## ABOUT THIS TASK
Give only the number of lines in the records that include the string "type".

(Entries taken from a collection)
Segment Open

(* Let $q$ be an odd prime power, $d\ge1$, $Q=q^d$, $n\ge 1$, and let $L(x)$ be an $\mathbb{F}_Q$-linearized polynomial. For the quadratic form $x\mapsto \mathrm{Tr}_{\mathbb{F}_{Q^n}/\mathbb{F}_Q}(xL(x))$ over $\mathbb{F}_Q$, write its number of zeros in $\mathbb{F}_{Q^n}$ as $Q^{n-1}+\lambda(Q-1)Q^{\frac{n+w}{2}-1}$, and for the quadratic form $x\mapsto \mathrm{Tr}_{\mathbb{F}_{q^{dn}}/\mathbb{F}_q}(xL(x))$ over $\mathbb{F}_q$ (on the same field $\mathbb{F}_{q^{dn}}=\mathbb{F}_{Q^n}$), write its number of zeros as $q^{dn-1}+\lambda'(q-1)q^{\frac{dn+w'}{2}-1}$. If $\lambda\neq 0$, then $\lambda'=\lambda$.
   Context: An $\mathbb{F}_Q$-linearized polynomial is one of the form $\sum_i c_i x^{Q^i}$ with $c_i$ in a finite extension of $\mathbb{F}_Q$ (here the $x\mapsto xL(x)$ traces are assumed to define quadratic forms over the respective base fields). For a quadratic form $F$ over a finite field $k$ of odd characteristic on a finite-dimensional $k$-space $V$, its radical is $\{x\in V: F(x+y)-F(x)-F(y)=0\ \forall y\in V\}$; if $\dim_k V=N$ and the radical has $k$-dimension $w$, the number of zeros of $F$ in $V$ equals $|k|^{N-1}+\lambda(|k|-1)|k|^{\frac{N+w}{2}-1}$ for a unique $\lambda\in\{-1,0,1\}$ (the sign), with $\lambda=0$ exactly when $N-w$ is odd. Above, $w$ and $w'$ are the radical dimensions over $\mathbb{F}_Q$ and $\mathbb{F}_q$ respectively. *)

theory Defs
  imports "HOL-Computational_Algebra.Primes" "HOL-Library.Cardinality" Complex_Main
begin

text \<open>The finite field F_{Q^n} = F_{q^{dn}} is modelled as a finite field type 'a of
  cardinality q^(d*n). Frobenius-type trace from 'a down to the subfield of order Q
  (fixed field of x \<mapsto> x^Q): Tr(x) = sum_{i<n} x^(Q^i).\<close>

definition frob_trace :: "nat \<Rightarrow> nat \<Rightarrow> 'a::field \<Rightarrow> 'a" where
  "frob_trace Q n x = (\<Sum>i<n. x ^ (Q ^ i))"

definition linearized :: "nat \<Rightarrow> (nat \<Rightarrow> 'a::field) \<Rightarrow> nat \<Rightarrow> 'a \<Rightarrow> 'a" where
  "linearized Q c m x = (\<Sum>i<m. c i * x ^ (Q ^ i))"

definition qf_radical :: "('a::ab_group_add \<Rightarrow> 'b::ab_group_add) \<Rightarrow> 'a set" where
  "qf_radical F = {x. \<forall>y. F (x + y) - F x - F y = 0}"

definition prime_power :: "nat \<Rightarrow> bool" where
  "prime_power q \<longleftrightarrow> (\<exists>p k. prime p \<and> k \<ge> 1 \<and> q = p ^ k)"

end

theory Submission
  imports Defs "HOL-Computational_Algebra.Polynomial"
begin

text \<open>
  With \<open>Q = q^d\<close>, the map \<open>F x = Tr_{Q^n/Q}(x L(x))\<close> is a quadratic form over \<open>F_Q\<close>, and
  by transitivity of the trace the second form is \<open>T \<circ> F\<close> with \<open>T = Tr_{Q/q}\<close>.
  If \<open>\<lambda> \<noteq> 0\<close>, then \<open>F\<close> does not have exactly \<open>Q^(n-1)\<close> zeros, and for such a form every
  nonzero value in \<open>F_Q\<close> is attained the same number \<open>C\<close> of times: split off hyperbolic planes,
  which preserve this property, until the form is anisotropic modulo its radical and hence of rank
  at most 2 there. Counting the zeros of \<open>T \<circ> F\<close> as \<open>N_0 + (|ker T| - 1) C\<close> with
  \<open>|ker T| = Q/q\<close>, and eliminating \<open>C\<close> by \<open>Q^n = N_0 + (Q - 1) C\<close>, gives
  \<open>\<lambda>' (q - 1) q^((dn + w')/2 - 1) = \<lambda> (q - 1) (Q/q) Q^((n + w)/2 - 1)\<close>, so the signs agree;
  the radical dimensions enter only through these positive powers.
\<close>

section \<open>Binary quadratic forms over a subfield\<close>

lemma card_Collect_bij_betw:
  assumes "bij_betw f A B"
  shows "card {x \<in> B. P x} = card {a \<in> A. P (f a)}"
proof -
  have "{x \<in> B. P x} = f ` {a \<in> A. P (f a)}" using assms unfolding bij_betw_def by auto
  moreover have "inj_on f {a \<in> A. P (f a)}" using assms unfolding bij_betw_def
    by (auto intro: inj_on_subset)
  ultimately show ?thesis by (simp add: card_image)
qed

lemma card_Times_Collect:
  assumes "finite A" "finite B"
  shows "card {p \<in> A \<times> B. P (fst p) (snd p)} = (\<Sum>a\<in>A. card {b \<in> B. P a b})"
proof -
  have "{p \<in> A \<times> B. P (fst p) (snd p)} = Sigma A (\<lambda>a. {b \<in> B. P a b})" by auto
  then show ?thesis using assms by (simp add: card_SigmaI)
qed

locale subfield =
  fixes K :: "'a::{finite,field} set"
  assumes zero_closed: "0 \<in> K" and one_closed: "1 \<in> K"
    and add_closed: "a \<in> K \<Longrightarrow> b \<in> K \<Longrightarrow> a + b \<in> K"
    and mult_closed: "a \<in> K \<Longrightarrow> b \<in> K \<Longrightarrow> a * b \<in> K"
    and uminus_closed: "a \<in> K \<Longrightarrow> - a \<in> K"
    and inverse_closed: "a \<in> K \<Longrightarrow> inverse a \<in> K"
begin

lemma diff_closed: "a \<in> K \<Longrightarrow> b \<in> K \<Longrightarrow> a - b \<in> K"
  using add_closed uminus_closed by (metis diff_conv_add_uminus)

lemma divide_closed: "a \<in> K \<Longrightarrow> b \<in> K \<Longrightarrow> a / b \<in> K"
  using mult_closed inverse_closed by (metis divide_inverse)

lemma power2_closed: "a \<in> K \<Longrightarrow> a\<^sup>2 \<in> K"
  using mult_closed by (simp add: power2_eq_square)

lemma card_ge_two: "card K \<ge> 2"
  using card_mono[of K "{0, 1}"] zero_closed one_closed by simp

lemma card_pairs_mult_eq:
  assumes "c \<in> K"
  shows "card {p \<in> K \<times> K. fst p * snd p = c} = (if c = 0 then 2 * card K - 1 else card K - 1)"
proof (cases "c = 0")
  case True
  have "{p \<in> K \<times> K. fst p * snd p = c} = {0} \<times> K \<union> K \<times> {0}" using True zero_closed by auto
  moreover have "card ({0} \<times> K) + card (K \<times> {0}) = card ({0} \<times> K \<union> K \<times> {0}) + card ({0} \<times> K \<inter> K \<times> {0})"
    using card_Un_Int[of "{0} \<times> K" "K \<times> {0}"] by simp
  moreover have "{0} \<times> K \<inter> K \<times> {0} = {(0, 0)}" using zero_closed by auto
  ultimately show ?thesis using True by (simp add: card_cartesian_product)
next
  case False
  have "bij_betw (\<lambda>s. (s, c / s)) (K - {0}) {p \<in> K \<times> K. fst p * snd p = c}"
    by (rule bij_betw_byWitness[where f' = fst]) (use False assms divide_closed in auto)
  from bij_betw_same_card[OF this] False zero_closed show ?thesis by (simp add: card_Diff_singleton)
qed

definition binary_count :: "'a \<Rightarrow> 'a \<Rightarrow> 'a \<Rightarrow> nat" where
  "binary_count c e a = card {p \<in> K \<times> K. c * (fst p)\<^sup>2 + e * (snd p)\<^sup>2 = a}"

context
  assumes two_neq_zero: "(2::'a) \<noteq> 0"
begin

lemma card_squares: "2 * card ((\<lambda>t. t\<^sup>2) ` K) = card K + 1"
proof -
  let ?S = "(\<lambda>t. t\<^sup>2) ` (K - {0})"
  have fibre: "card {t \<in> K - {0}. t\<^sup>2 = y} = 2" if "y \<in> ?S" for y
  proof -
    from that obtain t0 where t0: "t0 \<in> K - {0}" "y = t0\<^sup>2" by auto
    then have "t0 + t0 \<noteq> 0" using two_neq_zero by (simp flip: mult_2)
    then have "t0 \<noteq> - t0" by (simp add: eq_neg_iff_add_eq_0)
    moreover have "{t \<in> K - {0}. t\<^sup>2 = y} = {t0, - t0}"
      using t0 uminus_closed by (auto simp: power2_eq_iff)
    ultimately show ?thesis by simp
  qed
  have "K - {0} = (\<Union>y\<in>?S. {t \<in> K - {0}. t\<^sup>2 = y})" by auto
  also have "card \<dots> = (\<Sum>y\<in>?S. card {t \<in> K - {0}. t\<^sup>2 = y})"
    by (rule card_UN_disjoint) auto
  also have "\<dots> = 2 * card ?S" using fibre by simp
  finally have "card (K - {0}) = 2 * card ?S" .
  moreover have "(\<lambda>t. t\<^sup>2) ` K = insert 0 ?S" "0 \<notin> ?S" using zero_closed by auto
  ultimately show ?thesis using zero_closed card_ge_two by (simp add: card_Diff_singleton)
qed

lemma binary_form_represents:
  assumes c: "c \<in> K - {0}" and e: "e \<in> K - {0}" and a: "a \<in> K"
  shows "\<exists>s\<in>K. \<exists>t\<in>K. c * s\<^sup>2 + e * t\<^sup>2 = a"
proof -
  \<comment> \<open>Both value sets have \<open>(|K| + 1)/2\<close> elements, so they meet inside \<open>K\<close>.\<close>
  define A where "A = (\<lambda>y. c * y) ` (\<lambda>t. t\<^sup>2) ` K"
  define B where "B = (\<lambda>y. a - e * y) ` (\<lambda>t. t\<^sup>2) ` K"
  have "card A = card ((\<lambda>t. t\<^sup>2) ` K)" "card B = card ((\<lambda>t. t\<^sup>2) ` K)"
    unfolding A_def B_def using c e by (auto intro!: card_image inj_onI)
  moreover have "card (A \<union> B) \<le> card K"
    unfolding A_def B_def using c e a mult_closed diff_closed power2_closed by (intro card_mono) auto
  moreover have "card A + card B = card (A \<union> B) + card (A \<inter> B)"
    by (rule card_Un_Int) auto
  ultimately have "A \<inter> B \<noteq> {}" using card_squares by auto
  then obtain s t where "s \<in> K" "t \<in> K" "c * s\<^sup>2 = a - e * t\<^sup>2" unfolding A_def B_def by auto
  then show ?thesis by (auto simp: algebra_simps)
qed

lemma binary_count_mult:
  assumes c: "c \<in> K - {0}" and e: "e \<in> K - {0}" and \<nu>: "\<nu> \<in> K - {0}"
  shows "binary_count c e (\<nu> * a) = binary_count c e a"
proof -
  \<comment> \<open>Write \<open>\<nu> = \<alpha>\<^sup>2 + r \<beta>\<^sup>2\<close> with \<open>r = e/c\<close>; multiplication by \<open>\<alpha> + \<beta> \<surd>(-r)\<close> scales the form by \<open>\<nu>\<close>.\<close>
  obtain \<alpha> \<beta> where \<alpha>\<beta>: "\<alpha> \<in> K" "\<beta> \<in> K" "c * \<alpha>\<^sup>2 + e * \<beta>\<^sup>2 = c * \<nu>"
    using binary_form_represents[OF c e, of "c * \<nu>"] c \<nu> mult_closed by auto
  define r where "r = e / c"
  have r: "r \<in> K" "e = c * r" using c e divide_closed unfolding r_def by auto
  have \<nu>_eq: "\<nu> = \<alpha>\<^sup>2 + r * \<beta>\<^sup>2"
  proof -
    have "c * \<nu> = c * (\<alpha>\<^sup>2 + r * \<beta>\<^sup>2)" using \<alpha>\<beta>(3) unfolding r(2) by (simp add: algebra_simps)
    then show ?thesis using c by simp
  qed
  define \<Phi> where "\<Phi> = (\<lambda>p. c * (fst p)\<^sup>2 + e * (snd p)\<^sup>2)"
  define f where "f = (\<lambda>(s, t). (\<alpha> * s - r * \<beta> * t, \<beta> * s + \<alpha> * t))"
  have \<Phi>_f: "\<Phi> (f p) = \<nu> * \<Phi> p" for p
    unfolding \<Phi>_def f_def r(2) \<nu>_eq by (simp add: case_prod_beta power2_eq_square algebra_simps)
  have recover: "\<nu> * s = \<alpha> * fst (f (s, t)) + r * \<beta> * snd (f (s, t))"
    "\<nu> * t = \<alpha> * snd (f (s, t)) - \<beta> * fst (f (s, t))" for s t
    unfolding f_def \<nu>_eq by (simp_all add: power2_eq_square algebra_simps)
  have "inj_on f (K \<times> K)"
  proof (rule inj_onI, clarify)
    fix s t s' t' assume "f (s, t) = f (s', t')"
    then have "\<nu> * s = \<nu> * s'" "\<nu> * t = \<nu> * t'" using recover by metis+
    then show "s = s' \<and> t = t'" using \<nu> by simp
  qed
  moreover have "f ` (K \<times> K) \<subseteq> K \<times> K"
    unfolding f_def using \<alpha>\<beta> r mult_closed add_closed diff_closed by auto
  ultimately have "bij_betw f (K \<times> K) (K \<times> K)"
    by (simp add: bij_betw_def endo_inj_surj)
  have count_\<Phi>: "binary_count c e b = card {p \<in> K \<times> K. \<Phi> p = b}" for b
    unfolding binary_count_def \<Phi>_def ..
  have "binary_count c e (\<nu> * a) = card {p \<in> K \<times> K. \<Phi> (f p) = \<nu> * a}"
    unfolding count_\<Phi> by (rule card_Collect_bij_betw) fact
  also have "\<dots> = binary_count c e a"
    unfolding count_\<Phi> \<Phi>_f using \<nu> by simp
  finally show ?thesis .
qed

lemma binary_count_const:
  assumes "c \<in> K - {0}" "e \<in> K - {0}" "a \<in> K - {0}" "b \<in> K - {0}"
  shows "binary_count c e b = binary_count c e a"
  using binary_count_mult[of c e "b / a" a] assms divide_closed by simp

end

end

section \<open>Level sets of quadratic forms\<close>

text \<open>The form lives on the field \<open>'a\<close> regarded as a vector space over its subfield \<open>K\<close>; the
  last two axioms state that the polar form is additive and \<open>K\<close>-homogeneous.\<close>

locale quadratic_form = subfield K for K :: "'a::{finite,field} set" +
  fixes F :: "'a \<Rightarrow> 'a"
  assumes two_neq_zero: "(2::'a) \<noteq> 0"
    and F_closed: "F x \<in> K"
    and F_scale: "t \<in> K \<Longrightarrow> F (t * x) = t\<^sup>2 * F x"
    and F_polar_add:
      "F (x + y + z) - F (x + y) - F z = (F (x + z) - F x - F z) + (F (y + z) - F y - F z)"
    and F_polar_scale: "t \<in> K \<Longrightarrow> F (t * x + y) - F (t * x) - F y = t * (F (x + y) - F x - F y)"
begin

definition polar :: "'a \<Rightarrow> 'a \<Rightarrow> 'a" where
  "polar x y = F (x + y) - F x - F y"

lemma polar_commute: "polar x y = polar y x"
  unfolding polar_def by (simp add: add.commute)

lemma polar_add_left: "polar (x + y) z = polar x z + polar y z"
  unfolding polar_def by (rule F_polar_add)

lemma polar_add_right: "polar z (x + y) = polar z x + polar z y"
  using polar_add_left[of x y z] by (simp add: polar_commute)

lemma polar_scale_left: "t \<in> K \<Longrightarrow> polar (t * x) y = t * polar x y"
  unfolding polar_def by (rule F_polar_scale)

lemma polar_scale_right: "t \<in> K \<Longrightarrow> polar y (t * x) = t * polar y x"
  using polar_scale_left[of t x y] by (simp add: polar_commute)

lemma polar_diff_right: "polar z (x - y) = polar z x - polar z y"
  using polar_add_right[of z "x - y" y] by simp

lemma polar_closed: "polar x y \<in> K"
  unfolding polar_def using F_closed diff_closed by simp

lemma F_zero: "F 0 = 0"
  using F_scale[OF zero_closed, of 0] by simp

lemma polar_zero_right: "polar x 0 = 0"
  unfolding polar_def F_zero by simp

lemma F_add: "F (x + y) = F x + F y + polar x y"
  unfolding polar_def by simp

Segment Closed

## TASK RESPONSE
2